You are viewing a plain text version of this content. The canonical link for it is here.

Posted to user@nutch.apache.org by Gaurav Bagga <gb...@gmail.com> on 2011/08/30 22:12:40 UTC

Regarding Decrease in number of domains in readdb -stats -sort

I am using nutch 1.0 and after every updatedb, I take the stats with the
sort parameter which gives the details statistics regarding the domains and
their count(number of urls for that domain in crawldb).
But I see that there is a variable number of domains that do not make into
the next round of statistics.

Example:
Suppose a domain will be in 4 rounds of crawling (by looking at readdb stats
-sort usage) but it will disappear from the next rounds.
Or some domain will be there for first two rounds but will disappear from
stats for the next few rounds and then reappear again.

Is it possible that the domains may be removed from the crawldb or/and then
added later?

Regards
Gaurav

Re: Regarding Decrease in number of domains in readdb -stats -sort

Posted by Markus Jelsma <ma...@openindex.io>.

> I mean that if in one cycle N domains show in DB
> in the next cycle there is N - x domains left.
> Number of domains left in crawldb decreases sometimes.
> 

That should not be possible at all. Perhaps the output of stats is not 
complete or a misinterpretation.

> 
> Same with the number of fetched urls.

That is possible but the numbers should add up. A fetched url can become a 404 
(db_gone) or a not_modified status.

> My understanding is that after every crawl cycle, the number of fetched
> urls should keep increasing, i.e.  the number is cumulative of the number
> from previous cycle and this cycle. But it decreases as well.
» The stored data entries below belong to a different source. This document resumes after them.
lemma block_inj:
  assumes D: "component A f D" and E: "component A f E" and eq: "block D = block E"
  shows "D = E"
proof (rule ccontr)
  assume "D \<noteq> E"
  have "target D i = target E i" if "component A f i" for i
    using fun_cong[OF eq, of i] that unfolding block_def components_def by simp
  from this[OF D] this[OF E] \<open>D \<noteq> E\<close> have "rep1 D = rep2 E" and "rep2 D = rep1 E"
    unfolding target_def by auto
  have "iso_type E = iso_type (rep2 E)" using iso_type_eq[OF E reps_in_iso_type(2)[OF E]] by simp
  also have "\<dots> = iso_type D" using iso_type_eq[OF D reps_in_iso_type(1)[OF D]] \<open>rep1 D = rep2 E\<close> by simp
  finally have same: "iso_type E = iso_type D" .
  then have "rep2 D = rep1 D" using \<open>rep2 D = rep1 E\<close> unfolding rep1_def by simp
  then have "iso_type D = {rep1 D}" by (rule iso_type_singleton[OF D])
  moreover have "D \<in> iso_type D" and "E \<in> iso_type D"
    using self_in_iso_type[OF D] self_in_iso_type[OF E] same by simp_all
  ultimately show False using \<open>D \<noteq> E\<close> by simp
qed

definition target_iso :: "'a set \<Rightarrow> 'a set \<Rightarrow> 'a \<Rightarrow> 'a" where
  "target_iso D i = iso_map D f (target D i) f"

lemma target_iso:
  assumes "component A f D"
  shows "mhom D f (target D i) f (target_iso D i)" and "bij_betw (target_iso D i) D (target D i)"
  using iso_map[of D f "target D i" f] target_in_iso_type[OF assms, of i]
  unfolding target_iso_def iso_type_def by simp_all

definition embed :: "'a \<Rightarrow> 'a set \<Rightarrow> 'a" where
  "embed a = restrict (\<lambda>i. target_iso (component_of a) i a) components"

lemma embed_hom: "mhom A f (PiE components (\<lambda>_. reduced)) (pow_op components f) embed"
  unfolding mhom_def
proof (intro conjI ballI)
  fix a assume a: "a \<in> A"
  let ?C = "component_of a"
  have C: "component A f ?C" using a component_iff by auto
  have hom: "mhom ?C f (target ?C i) f (target_iso ?C i)" for i by (rule target_iso(1)[OF C])
  have "target_iso ?C i a \<in> target ?C i" for i
    using hom component_of_self[OF a] unfolding mhom_def by simp
  then have "target_iso ?C i a \<in> reduced" for i
    using target_in_rep_components[OF C] unfolding reduced_def by auto
  then show "embed a \<in> PiE components (\<lambda>_. reduced)"
    unfolding embed_def by (simp add: restrict_PiE_iff)
  have "target_iso ?C i (f a) = f (target_iso ?C i a)" for i
    using hom component_of_self[OF a] unfolding mhom_def by simp
  then show "embed (f a) = pow_op components f (embed a)"
    unfolding embed_def pow_op_def component_of_f by (intro restrict_ext) simp
qed

definition pattern :: "('a set \<Rightarrow> 'a) \<Rightarrow> 'a set \<Rightarrow> 'a set" where
  "pattern x = restrict (\<lambda>i. component_of (x i)) components"

lemma pattern_pow: "pattern (pow_op components f x) = pattern x"
  unfolding pattern_def pow_op_def by (intro restrict_ext) (simp add: component_of_f)

lemma pattern_embed:
  assumes "a \<in> A"
  shows "pattern (embed a) = block (component_of a)"
  unfolding pattern_def block_def
proof (rule restrict_ext)
  let ?C = "component_of a"
  fix i assume "i \<in> components"
  have C: "component A f ?C" using assms component_iff by auto
  have "target_iso ?C i a \<in> target ?C i"
    using target_iso(1)[OF C] component_of_self[OF assms] unfolding mhom_def by simp
  moreover have "component A f (target ?C i)" by (rule iso_type_component[OF target_in_iso_type[OF C]])
  ultimately have "component_of (target_iso ?C i a) = target ?C i"
    using component_eq by simp
  then show "component_of (embed a i) = target ?C i" using \<open>i \<in> components\<close> unfolding embed_def by simp
qed

definition block_of :: "('a set \<Rightarrow> 'a) \<Rightarrow> 'a set" where
  "block_of x = (SOME D. component A f D \<and> pattern x = block D)"

lemma block_of:
  assumes "component A f D" and "pattern x = block D"
  shows "block_of x = D"
proof -
  have "component A f (block_of x) \<and> pattern x = block (block_of x)"
    unfolding block_of_def by (rule someI[of _ D]) (simp add: assms)
  then show ?thesis using block_inj assms by simp
qed

definition base_index :: "'a set" where
  "base_index = (SOME D. component A f D)"

lemma component_base_index: "component A f base_index"
proof -
  obtain a where "a \<in> A" using nonempty by auto
  then have "component A f (component_of a)" using component_iff by auto
  then show ?thesis unfolding base_index_def by (rule someI)
qed

definition decode :: "'a set \<Rightarrow> 'a \<Rightarrow> 'a" where
  "decode D = inv_into D (target_iso D base_index)"

lemma decode_hom: "component A f D \<Longrightarrow> mhom (target D base_index) f D f (decode D)"
  unfolding decode_def using target_iso mhom_inv_into component_closed by blast

lemma decode_target_iso: "component A f D \<Longrightarrow> a \<in> D \<Longrightarrow> decode D (target_iso D base_index a) = a"
  unfolding decode_def using target_iso(2) by (simp add: bij_betw_def inv_into_f_f)

definition project :: "('a set \<Rightarrow> 'a) \<Rightarrow> 'a" where
  "project x = (if \<exists>D. component A f D \<and> pattern x = block D
     then decode (block_of x) (x base_index) else x base_index)"

lemma project_hom: "mhom (PiE components (\<lambda>_. reduced)) (pow_op components f) A f project"
  unfolding mhom_def
proof (intro conjI ballI)
  fix x assume x: "x \<in> PiE components (\<lambda>_. reduced)"
  have i0: "base_index \<in> components" using component_base_index unfolding components_def by simp
  have x0: "x base_index \<in> A" using PiE_mem[OF x i0] reduced_subset by auto
  have pow0: "pow_op components f x base_index = f (x base_index)" using i0 unfolding pow_op_def by simp
  have "project x \<in> A \<and> project (pow_op components f x) = f (project x)"
  proof (cases "\<exists>D. component A f D \<and> pattern x = block D")
    case True
    then obtain D where D: "component A f D" "pattern x = block D" by blast
    then have "block_of x = D" and "block_of (pow_op components f x) = D"
      using block_of pattern_pow by simp_all
    have "component_of (x base_index) = target D base_index"
      using fun_cong[OF D(2), of base_index] i0 unfolding pattern_def block_def by simp
    then have "x base_index \<in> target D base_index" using component_of_self[OF x0] by simp
    then have "decode D (x base_index) \<in> D" and "decode D (f (x base_index)) = f (decode D (x base_index))"
      using decode_hom[OF D(1)] unfolding mhom_def by simp_all
    then show ?thesis
      using True component_subset[OF D(1)] \<open>block_of x = D\<close> \<open>block_of (pow_op components f x) = D\<close>
      unfolding project_def pattern_pow pow0 by auto
  next
    case False
    then show ?thesis using x0 unfolding project_def pattern_pow pow0 if_not_P[OF False] by simp
  qed
  then show "project x \<in> A" and "project (pow_op components f x) = f (project x)" by simp_all
qed

lemma project_embed:
  assumes "a \<in> A"
  shows "project (embed a) = a"
proof -
  let ?C = "component_of a"
  have C: "component A f ?C" using assms component_iff by auto
  have "block_of (embed a) = ?C" using block_of[OF C pattern_embed[OF assms]] .
  moreover have "embed a base_index = target_iso ?C base_index a"
    using component_base_index unfolding embed_def components_def by simp
  ultimately show ?thesis
    using C pattern_embed[OF assms] decode_target_iso[OF C component_of_self[OF assms]]
    unfolding project_def by auto
qed

lemma in_V_reduced: "in_V reduced f A f"
  by (rule in_V_by_retraction[where I = components])
    (fact monounary embed_hom project_hom project_embed)+

end

theorem lemma5p1:
  fixes A :: "'a set" and f :: "'a \<Rightarrow> 'a"
  assumes "monounary A f"
  shows "\<exists>(B :: 'a set) g. monounary B g \<and> in_R A f B g \<and> starstar B g \<and> same_V A f B g"
proof -
  interpret monounary_algebra A f by (rule monounary_algebra.intro) (fact assms)
  show ?thesis
  proof (intro exI conjI)
    show "monounary reduced f" by (rule monounary_reduced)
    show "in_R A f reduced f" unfolding in_R_def using retract_reduced miso_refl by blast
    show "starstar reduced f" by (rule starstar_reduced)
    show "same_V A f reduced f"
      unfolding same_V_def using in_V_reduced in_V_of_retract[OF retract_reduced] by simp
  qed
qed

end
Please try the domain statistics tool and you may also want to readdb -dump 
between cycles and compare. Url's will change status over time. Either 404 or 
not modified or become a redirect.

You may also want to limit the number of url's (e.g. 10 or 20) in a fetch 
cycle so you have a few url's to compare between dumps. Check the changed 
status of those few url's.


> 
> Don't know if this is possible.
> 
> 
> Gaurav
> 
> 
> On Tue, Aug 30, 2011 at 1:24 PM, Markus Jelsma
> 
> <ma...@openindex.io>wrote:
> > Hi
> > 
> > > I am using nutch 1.0 and after every updatedb, I take the stats with
> > > the sort parameter which gives the details statistics regarding the
> > > domains
> > 
> > and
> > 
> > > their count(number of urls for that domain in crawldb).
> > > But I see that there is a variable number of domains that do not make
> > 
> > into
> > 
> > > the next round of statistics.
> > 
> > Is my understanding of the above correct that you have N domains in the
> > DB but
> > not all N domains have incremented counts after a crawl cycle?
> > 
> > > Example:
> > > Suppose a domain will be in 4 rounds of crawling (by looking at readdb
> > > stats -sort usage) but it will disappear from the next rounds.
> > > Or some domain will be there for first two rounds but will disappear
> > > from stats for the next few rounds and then reappear again.
> > 
> > Disappear from stats? I am not sure how readdb writes stats but you may
> > want
> > to try the domainstatistics tool (more recent Nutch). That tool can write
> > a complete list of domains and number of url's per domain.
> > 
> > > Is it possible that the domains may be removed from the crawldb or/and
> > 
> > then
> > 
> > > added later?
> > > 
> > > Regards
> > > Gaurav

Re: Regarding Decrease in number of domains in readdb -stats -sort

Posted by gaurav bagga <ga...@gmail.com>.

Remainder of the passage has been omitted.